lemma riesz_representation_real:
  fixes f :: "'a::{real_inner,complete_space} \<Rightarrow> real"
  assumes f: "bounded_linear f"
  shows "\<exists>z. \<forall>x. f x = inner z x"
proof (cases "\<forall>x. f x = 0")
  case True then show ?thesis by (intro exI[of _ 0]) simp
next
  case False
  interpret f: bounded_linear f by fact
  define N where "N = onorm f"
  obtain z where z: "norm z = 1" "f z = N"
    using False bounded_linear_functional_attains_onorm[OF f] by (auto simp: N_def)
  have zz: "inner z z = 1" using z(1) by (simp add: power2_norm_eq_inner[symmetric])
  \<comment> \<open>f attains its norm at z, so moving from z orthogonally cannot increase f to first order\<close>
  have orth: "f h = 0" if hz: "inner z h = 0" for h
  proof -
    have "0 \<le> 0 + 2 * (- f h / 2) * t + (N * (norm h)\<^sup>2) * t\<^sup>2" for t
    proof -
      have n2: "(norm (z + t *\<^sub>R h))\<^sup>2 = 1 + t\<^sup>2 * (norm h)\<^sup>2"
        using hz zz by (simp only: power2_norm_eq_inner)
          (simp add: inner_add_left inner_add_right inner_commute[of h z] power2_eq_square
            algebra_simps)
      then have "1 \<le> norm (z + t *\<^sub>R h)"
        using power2_le_imp_le[of 1 "norm (z + t *\<^sub>R h)"] by simp
      then have "norm (z + t *\<^sub>R h) \<le> (norm (z + t *\<^sub>R h))\<^sup>2"
        using mult_left_mono[of 1 "norm (z + t *\<^sub>R h)" "norm (z + t *\<^sub>R h)"]
        by (simp add: power2_eq_square)
      then have "f (z + t *\<^sub>R h) \<le> N * (norm (z + t *\<^sub>R h))\<^sup>2"
        using onorm[OF f, of "z + t *\<^sub>R h"] onorm_pos_le[OF f]
        by (simp add: N_def) (meson abs_le_iff mult_left_mono order_trans)
      then show ?thesis using n2 z(2) by (simp add: f.add f.scaleR algebra_simps)
    qed
    from quadratic_nonneg_imp_discriminant_le[OF this] show ?thesis
      using onorm_pos_le[OF f] by (simp add: N_def)
  qed
  show ?thesis
  proof (intro exI allI)
    fix x
    have "f (x - inner z x *\<^sub>R z) = 0"
      using zz by (intro orth) (simp add: inner_diff_right)
    then show "f x = inner (N *\<^sub>R z) x"
      using z(2) by (simp add: f.diff f.scaleR)
  qed
qed
(* Let $\gamma>0$, $\gamma\neq1$. Then $N^{\rm alg}_{\mathbb{R}}(r)=c_\gamma\,r/\pi+O(1)$ as $r\to\infty$ for a constant $c_\gamma\le 1+\gamma$, and $c_\gamma=1+\gamma$ if and only if $\gamma$ or $1/\gamma$ is an integer.
   Context: Half-line problem: for $\lambda\neq0$, find $(u,v)$ on $[0,1]$ with $-u''-\lambda^2u=0$, $-v''-\lambda^2\gamma^2v=0$, $u(0)=v(0)=0$, $u(1)=v(1)$, $u'(1)=v'(1)$; $\lambda$ is an ITE if a nontrivial pair exists. ITEs are the nonzero zeros of $F(\lambda)=\gamma\sin\lambda\cos(\gamma\lambda)-\sin(\gamma\lambda)\cos\lambda$; the algebraic multiplicity of an ITE is its order as a zero of $F$. $N^{\rm alg}_{\mathbb{R}}(r)$ is the number of real ITEs in $(0,r]$ counted with algebraic multiplicity. *)

theory Defs
  imports "HOL-Analysis.Analysis" "HOL-Library.Landau_Symbols"
begin

text \<open>The characteristic function whose nonzero zeros are the ITEs.\<close>
definition ite_F :: "real \<Rightarrow> real \<Rightarrow> real" where
  "ite_F \<gamma> l = \<gamma> * sin l * cos (\<gamma> * l) - sin (\<gamma> * l) * cos l"

definition zero_order :: "(real \<Rightarrow> real) \<Rightarrow> real \<Rightarrow> nat" where
  "zero_order f x = (LEAST n. (deriv ^^ n) f x \<noteq> 0)"

definition N_alg_R :: "real \<Rightarrow> real \<Rightarrow> real" where
  "N_alg_R \<gamma> r =
     real (\<Sum>x\<in>{x. 0 < x \<and> x \<le> r \<and> ite_F \<gamma> x = 0}. zero_order (ite_F \<gamma>) x)"

end

theory Submission
  imports Defs
begin

text \<open>
  Since F(\<lambda>) = Im ((cos \<lambda> + i\<gamma> sin \<lambda>) e^(-i\<gamma>\<lambda>)), we have F = \<rho> sin \<theta> with
  \<rho>^2 = cos^2 \<lambda> + \<gamma>^2 sin^2 \<lambda> > 0 and a phase \<theta>, normalised to be increasing, satisfying
  \<theta>' = |1 - \<gamma>| (1 + \<gamma>) \<gamma> sin^2 \<lambda> / \<rho>^2 and |\<theta>(\<lambda>) - |1 - \<gamma>| \<lambda>| < \<pi>/2. Hence F has exactly
  \<lfloor>\<theta>(r)/\<pi>\<rfloor> distinct zeros in (0, r]. Such a zero is simple unless sin \<lambda> = 0, where it is
  triple; the triple zeros are the k\<pi> with \<gamma>k \<in> \<int>, i.e. the multiples of q\<pi> when \<gamma> = p/q in
  lowest terms, and there are none for irrational \<gamma>. So N(r) = c r/\<pi> + O(1) with
  c = |1 - \<gamma>| + 2/q (resp. c = |1 - \<gamma>|). Finally 1 + \<gamma> = |1 - \<gamma>| + 2 min(1, \<gamma>) and
  q min(1, \<gamma>) = min(q, p) \<ge> 1, so c \<le> 1 + \<gamma> with equality iff q = 1 or p = 1.
\<close>

section \<open>Multiplicities of the zeros\<close>

lemma zero_order_eqI:
  assumes "(deriv ^^ k) f x \<noteq> 0" and "\<And>j. j < k \<Longrightarrow> (deriv ^^ j) f x = 0"
  shows "zero_order f x = k"
  unfolding zero_order_def
  by (rule Least_equality) (use assms in \<open>force simp: not_le [symmetric]\<close>)+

==========

All lines of the records above that contain the word "shows" are to be copied out.

  shows "\<exists>z. \<forall>x. f x = inner z x"
  shows "zero_order f x = k"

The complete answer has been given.